- [TASK DETAILS]: Extract all lines that hold "True" from the records below.

- [INFORMATION SHOWN]:

lemma D_has_real_derivative:
  assumes "x \<in> I01" "f differentiable (at x within I01)"
  shows "(f has_real_derivative D f x) (at x within I01)"
  using assms vector_derivative_works[of f "at x within I01"]
  by (simp add: D_def has_real_derivative_iff_has_vector_derivative)

lemma D_eqI:
  assumes "x \<in> I01" "(f has_real_derivative d) (at x within I01)"
  shows "D f x = d"
  using vector_derivative_within[OF at_within_I01_nontrivial[OF assms(1)]] assms(2)
  by (simp add: D_def has_real_derivative_iff_has_vector_derivative)

lemma Dn_D: "Dn n (D f) = Dn (Suc n) f"
  by (induction n) simp_all

lemma Ck_on_I_mono:
  assumes "Ck_on_I k f" "j \<le> k"
  shows "Ck_on_I j f"
proof (cases "j = k")
  case False
  with assms have "\<forall>x\<in>I01. Dn j f differentiable (at x within I01)"
    unfolding Ck_on_I_def by auto
  then have "continuous_on I01 (Dn j f)"
    by (simp add: continuous_on_eq_continuous_within differentiable_imp_continuous_within)
  with assms show ?thesis
    unfolding Ck_on_I_def by auto
qed (use assms in simp)

lemma Ck_on_I_Suc_D: "Ck_on_I (Suc k) f \<Longrightarrow> Ck_on_I k (D f)"
  unfolding Ck_on_I_def Dn_D by auto

lemma Ck_on_I_1_has_derivative:
  "Ck_on_I 1 f \<Longrightarrow> x \<in> I01 \<Longrightarrow> (f has_real_derivative D f x) (at x within I01)"
  unfolding Ck_on_I_def using D_has_real_derivative by auto

lemma Ck_on_I_1_continuous_D: "Ck_on_I 1 f \<Longrightarrow> continuous_on I01 (D f)"
  unfolding Ck_on_I_def by simp

lemma Ck_on_I_1_continuous: "Ck_on_I 1 f \<Longrightarrow> continuous_on I01 f"
  unfolding Ck_on_I_def
  by (simp add: continuous_on_eq_continuous_within differentiable_imp_continuous_within)

lemma Ck_on_I_1_MVT:
  assumes "Ck_on_I 1 f" "x \<in> I01" "y \<in> I01" "x < y"
  obtains z where "x < z" "z < y" "f y - f x = (y - x) * D f z"
proof -
  have "\<exists>l z. x < z \<and> z < y \<and> DERIV f z :> l \<and> f y - f x = (y - x) * l"
  proof (rule MVT)
    show "continuous_on {x..y} f"
      using Ck_on_I_1_continuous[OF assms(1)] by (rule continuous_on_subset) (use assms in auto)
    fix z :: real assume z: "x < z" "z < y"
    with assms have "0 < z" "z < 1"
      by auto
    then have "(f has_real_derivative D f z) (at z)"
      using Ck_on_I_1_has_derivative[OF assms(1), of z] at_within_Icc_at[of 0 z 1] by simp
    then show "f differentiable (at z)"
      using real_differentiable_def by blast
  qed (fact assms(4))
  then obtain l z where z: "x < z" "z < y" "DERIV f z :> l" "f y - f x = (y - x) * l"
    by blast
  have "z \<in> I01"
    using z assms by auto
  then have "D f z = l"
    using D_eqI has_field_derivative_at_within z(3) by blast
  then show thesis
    using that z by blast
qed

lemma D_cong:
  assumes "\<And>y. y \<in> I01 \<Longrightarrow> f y = g y" "x \<in> I01"
  shows "D f x = D g x"
proof -
  have "(f has_vector_derivative v) (at x within I01) \<longleftrightarrow>
        (g has_vector_derivative v) (at x within I01)" for v
    using has_vector_derivative_transform_within[OF _ zero_less_one assms(2), of f v g]
      has_vector_derivative_transform_within[OF _ zero_less_one assms(2), of g v f]
      assms(1) by auto
  then show ?thesis
    by (simp add: D_def vector_derivative_def)
qed

lemma D_comp:
  assumes "Ck_on_I 1 f" "Ck_on_I 1 g" "f ` I01 \<subseteq> I01" "x \<in> I01"
  shows "D (g \<circ> f) x = D f x * D g (f x)"
proof -
  have "(f has_vector_derivative D f x) (at x within I01)"
    using Ck_on_I_1_has_derivative[OF assms(1,4)]
    by (simp add: has_real_derivative_iff_has_vector_derivative)
  moreover have "f x \<in> I01"
    using assms(3,4) by blast
  then have "(g has_real_derivative D g (f x)) (at (f x) within I01)"
    by (rule Ck_on_I_1_has_derivative[OF assms(2)])
  then have "(g has_vector_derivative D g (f x)) (at (f x) within f ` I01)"
    by (intro has_vector_derivative_within_subset[OF _ assms(3)])
      (simp add: has_real_derivative_iff_has_vector_derivative)
  ultimately have "((g \<circ> f) has_vector_derivative D f x * D g (f x)) (at x within I01)"
    using vector_diff_chain_within by fastforce
  then show ?thesis
    using assms(4) by (simp add: D_eqI has_real_derivative_iff_has_vector_derivative)
qed

lemma Diff_k_mono: "Diff_k k f \<Longrightarrow> j \<le> k \<Longrightarrow> Diff_k j f"
  unfolding Diff_k_def using Ck_on_I_mono by blast

lemma Diff_k_D_nonzero:
  assumes "Diff_k 1 f" "x \<in> I01"
  shows "D f x \<noteq> 0"
proof -
  let ?h = "inv_into I01 f"
  have f: "bij_betw f I01 I01" "Ck_on_I 1 f" "Ck_on_I 1 ?h"
    using assms(1) unfolding Diff_k_def by auto
  then have "f ` I01 \<subseteq> I01" "\<And>y. y \<in> I01 \<Longrightarrow> (?h \<circ> f) y = y"
    by (auto simp: bij_betw_def)
  then have "D f x * D ?h (f x) = D (\<lambda>y. y) x"
    using D_comp[OF f(2,3) _ assms(2)] D_cong[of "?h \<circ> f" "\<lambda>y. y", OF _ assms(2)] by simp
  also have "\<dots> = 1"
    using assms(2) by (intro D_eqI DERIV_ident[THEN has_field_derivative_at_within])
  finally show ?thesis
    by auto
qed

lemma continuous_on_Icc_pos:
  fixes F :: "real \<Rightarrow> real"
  assumes "continuous_on {a..b} F" "\<And>x. x \<in> {a..b} \<Longrightarrow> F x \<noteq> 0"
    and "z \<in> {a..b}" "0 < F z" "x \<in> {a..b}"
  shows "0 < F x"
proof (rule ccontr)
  assume "\<not> 0 < F x"
  then have Fx: "F x \<le> 0" by simp
  obtain w where "min x z \<le> w" "w \<le> max x z" "F w = 0"
  proof (cases "x \<le> z")
    case True
    have "continuous_on {x..z} F"
      using assms(1) by (rule continuous_on_subset) (use assms in auto)
    then show ?thesis
      using IVT'[of F x 0 z] True Fx assms(4) that by auto
  next
    case False
    have "continuous_on {z..x} F"
      using assms(1) by (rule continuous_on_subset) (use assms in auto)
    then show ?thesis
      using IVT2'[of F x 0 z] False Fx assms(4) that by auto
  qed
  moreover have "w \<in> {a..b}"
    using calculation assms(3,5) by auto
  ultimately show False
    using assms(2) by blast
qed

- [RESULT BELOW]:
    case True
      using IVT'[of F x 0 z] True Fx assms(4) that by auto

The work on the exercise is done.